С.: Я понимаю. Поэтому мне их жалко. Потому что они не поняли, что у меня только один выход.
В. Н.: У всех нас один выход. И этот выход у кого-то ближе, у кого-то дальше. Перед этим выходом у тебя еще долгая жизнь, полная интересных событий, и не только горьких потерь, но и радостных приобретений. Ты узнаешь еще. И твои родители это видят. И все здесь это видят. Выход один, и он еще впереди, он обязательно будет. Не нужно его ускорять. Жизнь слишком коротка, чтобы срезать её углы. Можно наслаждаться всеми поворотами, поверь. Ты еще поймешь.
С.:
Молчание* Может быть…
В. Н.: Ну вот, теперь ты видишь?
С.:
Еле слышно* Может быть, для кого-то это и так, но для меня все предопределено. Я больше так не могу.
В. Н.: Стёпа, Стёпа… Все будет, но не сразу. Почему ты выделяешь себя из всех остальных? Я тебе кое-что расскажу. Когда мы все еще маленькие, и у нас только просыпается потребность все сделать самим: самостоятельно есть, самостоятельно одеваться, самостоятельно стелить себе постель, у нас рождается ощущение своей исключительности. Это совершенно нормально. Мы все исключительны. Я исключителен, ты исключителен. Потому что ты такой один. Но со временем мы уже больше не можем жить этой своей исключительностью. Наступает время, когда нам нужно делать выбор между двумя дорогами. Что это за дороги, как ты думаешь?
С.: Я не знаю.
В. Н.: Ну, подумай.
Молчание*
С.: Не знаю. Много может быть вариантов. Темная и светлая?

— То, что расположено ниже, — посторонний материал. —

lemma norm_mv_monomial_le:
  fixes u :: "'a::real_normed_field"
  assumes "norm u \<le> \<rho>" "\<And>j. norm (z j) \<le> \<rho>"
  shows "norm (mv_monomial a u z) \<le> \<rho> ^ mv_degree a"
proof -
  have "0 \<le> \<rho>" using assms(1) norm_ge_zero order_trans by blast
  have "norm (mv_monomial a u z) = norm u ^ fst a * (\<Prod>j\<in>UNIV. norm (z j) ^ snd a j)"
    by (simp add: mv_monomial_def norm_mult norm_power flip: prod_norm)
  also have "\<dots> \<le> \<rho> ^ fst a * (\<Prod>j\<in>UNIV. \<rho> ^ snd a j)"
    using \<open>0 \<le> \<rho>\<close> by (intro mult_mono power_mono prod_mono conjI assms) (auto intro!: prod_nonneg)
  also have "\<dots> = \<rho> ^ mv_degree a" by (simp add: mv_degree_def power_add power_sum)
  finally show ?thesis .
qed

lemma mv_monomial_split:
  "mv_monomial a u z = z j ^ snd a j * (u ^ fst a * (\<Prod>i\<in>UNIV - {j}. z i ^ snd a i))"
  by (simp add: mv_monomial_def prod.remove[of UNIV j] mult_ac)

section \<open>The complexified local expansion of \<open>f\<close>\<close>

locale local_expansion =
  fixes f :: "real \<Rightarrow> real^'m \<Rightarrow> real" and c :: "nat \<times> ('m::finite \<Rightarrow> nat) \<Rightarrow> real"
    and t0 \<rho> :: real and z0 :: "'m \<Rightarrow> real"
  assumes radius_pos: "\<rho> > 0"
    and expansion: "\<And>u v. \<bar>u\<bar> \<le> \<rho> \<Longrightarrow> (\<And>j. \<bar>v $ j - z0 j\<bar> \<le> \<rho>) \<Longrightarrow>
                      ((\<lambda>a. c a * mv_monomial a u (\<lambda>j. v $ j - z0 j)) has_sum f (t0 + u) v) UNIV"
    and abs_summable: "(\<lambda>a. \<bar>c a\<bar> * \<rho> ^ mv_degree a) summable_on UNIV"
begin

text \<open>\<open>compose_series \<phi>0 \<phi> w = F (\<phi>0 w) (\<phi> w)\<close>, where \<open>F\<close> is the complexification of
  \<open>(u, z) \<mapsto> f (t0 + u) (z0 + z)\<close>.\<close>
definition compose_series :: "(complex \<Rightarrow> complex) \<Rightarrow> ('m \<Rightarrow> complex \<Rightarrow> complex) \<Rightarrow> complex \<Rightarrow> complex" where
  "compose_series \<phi>0 \<phi> w = (\<Sum>\<^sub>\<infinity>a. of_real (c a) * mv_monomial a (\<phi>0 w) (\<lambda>j. \<phi> j w))"

lemma compose_series_of_real:
  assumes "\<phi>0 w = of_real u" "\<And>j. \<phi> j w = of_real (v $ j - z0 j)"
    and "\<bar>u\<bar> \<le> \<rho>" "\<And>j. \<bar>v $ j - z0 j\<bar> \<le> \<rho>"
  shows "compose_series \<phi>0 \<phi> w = of_real (f (t0 + u) v)"
  using has_sum_of_real[OF expansion[OF assms(3,4)], where 'a = complex]
  by (simp add: compose_series_def assms(1,2) of_real_mv_monomial infsumI)

context
  fixes \<phi>0 :: "complex \<Rightarrow> complex" and \<phi> :: "'m \<Rightarrow> complex \<Rightarrow> complex" and S :: "complex set"
  assumes S: "open S" and hol: "\<phi>0 holomorphic_on S" "\<And>j. \<phi> j holomorphic_on S"
    and bounded: "\<And>w. w \<in> S \<Longrightarrow> norm (\<phi>0 w) \<le> \<rho>" "\<And>w j. w \<in> S \<Longrightarrow> norm (\<phi> j w) \<le> \<rho>"
begin

lemma holomorphic_mv_monomial_comp: "(\<lambda>w. mv_monomial a (\<phi>0 w) (\<lambda>j. \<phi> j w)) holomorphic_on S"
  unfolding mv_monomial_def using hol by (intro holomorphic_intros)

lemma compose_series_term_bound:
  "w \<in> S \<Longrightarrow> norm (of_real (c a) * mv_monomial a (\<phi>0 w) (\<lambda>j. \<phi> j w)) \<le> \<bar>c a\<bar> * \<rho> ^ mv_degree a"
  unfolding norm_mult norm_of_real by (intro mult_left_mono norm_mv_monomial_le bounded) auto

lemma holomorphic_on_compose_series: "compose_series \<phi>0 \<phi> holomorphic_on S"
  unfolding compose_series_def[abs_def]
  by (rule holomorphic_on_dominated_series[OF S _ compose_series_term_bound abs_summable])
     (intro holomorphic_intros holomorphic_mv_monomial_comp)

lemma has_sum_higher_deriv_compose_series:
  assumes "x \<in> S"
  shows "((\<lambda>a. of_real (c a) * (deriv ^^ m) (\<lambda>w. mv_monomial a (\<phi>0 w) (\<lambda>j. \<phi> j w)) x)
           has_sum (deriv ^^ m) (compose_series \<phi>0 \<phi>) x) UNIV"
proof -
  have "(\<lambda>w. of_real (c a) * mv_monomial a (\<phi>0 w) (\<lambda>j. \<phi> j w)) holomorphic_on S" for a
    by (intro holomorphic_intros holomorphic_mv_monomial_comp)
  from has_sum_higher_deriv_dominated_series[OF S this compose_series_term_bound abs_summable assms]
  show ?thesis
    by (simp add: compose_series_def[abs_def] higher_deriv_cmult[OF holomorphic_mv_monomial_comp assms S])
qed

end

В. Н.: Ты почти угадал. Путь исключительности разветвляется на дорогу, идя по которой ты живешь своей уникальностью, феноменальностью, лучшестью, что приводит к эгоизму, который мешает всем, не только другим, но и тебе самому, в первую очередь. По этой дороге неимоверно трудно идти, она лишает тебя возможности чувствовать что-либо, кроме самого себя, ты заперт в самом себе. Но есть и вторая дорога, идя по которой ты ощущаешь, что ты не исключительный, не феноменальный, а просто другой, отличающийся от меня так же, как я отличаюсь от тебя. И эта дорога дается легче за счет того, что ты начинаешь видеть мир вокруг себя. Но знаешь, что в этом всем самое замечательное? *Молчание* Что между этими двумя дорогами существует связь, и никогда не поздно пойти по другой. *Молчание* Подумаешь над этим до следующего раза?
С.:
Слабым голосом* Подумаю.
В. Н.: Если у тебя есть, что еще мне сказать, скажи лучше сейчас.
С.: Мне нечего сказать.
В. Н.: Тогда мы на сегодня закончим, если ты не против. Время ужина. Иди и хорошенько поешь. Я буду ждать тебя здесь в понедельник, в то же время. За выходные ты поймешь, что нам просто необходимо с тобой разговаривать.
С.: Может быть.
В. Н.: Вот и все. До встречи.
STOP/REC*
В. Н.: Я говорил, а он молчал и, понурив глаза, кивал. Я не уверен, что донес до него смысл того, что я пытался ему сказать. Обратной связи было мало, и она была не убедительная. *STOP/REC*Давать ему говорить. *STOP/REC* Из записи становится ясно, что надо переждать его молчание, чтобы он продолжил сам. *STOP/REC* Проблема, о которой он говорит, слишком мистифицирована им. Дать ему понять это. Я и сам вчера, признаться, поддался мистическому духу, созданному юношей. Одержимость собой. Что это такое? *STOP/REC* Не нашел у Юнга «одержимость собой», но уверен в том, что она тесно связана с архетипом тени. Что-то Степан отвергает в себе, делает это темной стороной, независимой от него самого, но в то же время это что-то дает о себе знать, давит и душит его. Да еще и с такой силой, изза чего уже другой человек, его девушка, в этом «погрязла», по словам юноши. Погрязла в его тени? Чем здесь является тень? Какое-то прошлое событие? Или Степан специально нагоняет на себя загадочность? Но если он хочет покинуть лечебницу, зачем усугублять? *STOP/REC* Нет, он искренен. В его голосе я фальши не услышал. Ему действительно трудно говорить об этой проблеме. Его слова носят шизоидный характер. Но он, несомненно, чувствует то, о чем говорит. За его одержимостью должно стоять какое-то событие. На грядущем сеансе вернемся к одержимости собой. Надо сделать так, чтобы он описал эту одержимость. Но событие, которое стоит за ней, пока трогать не надо.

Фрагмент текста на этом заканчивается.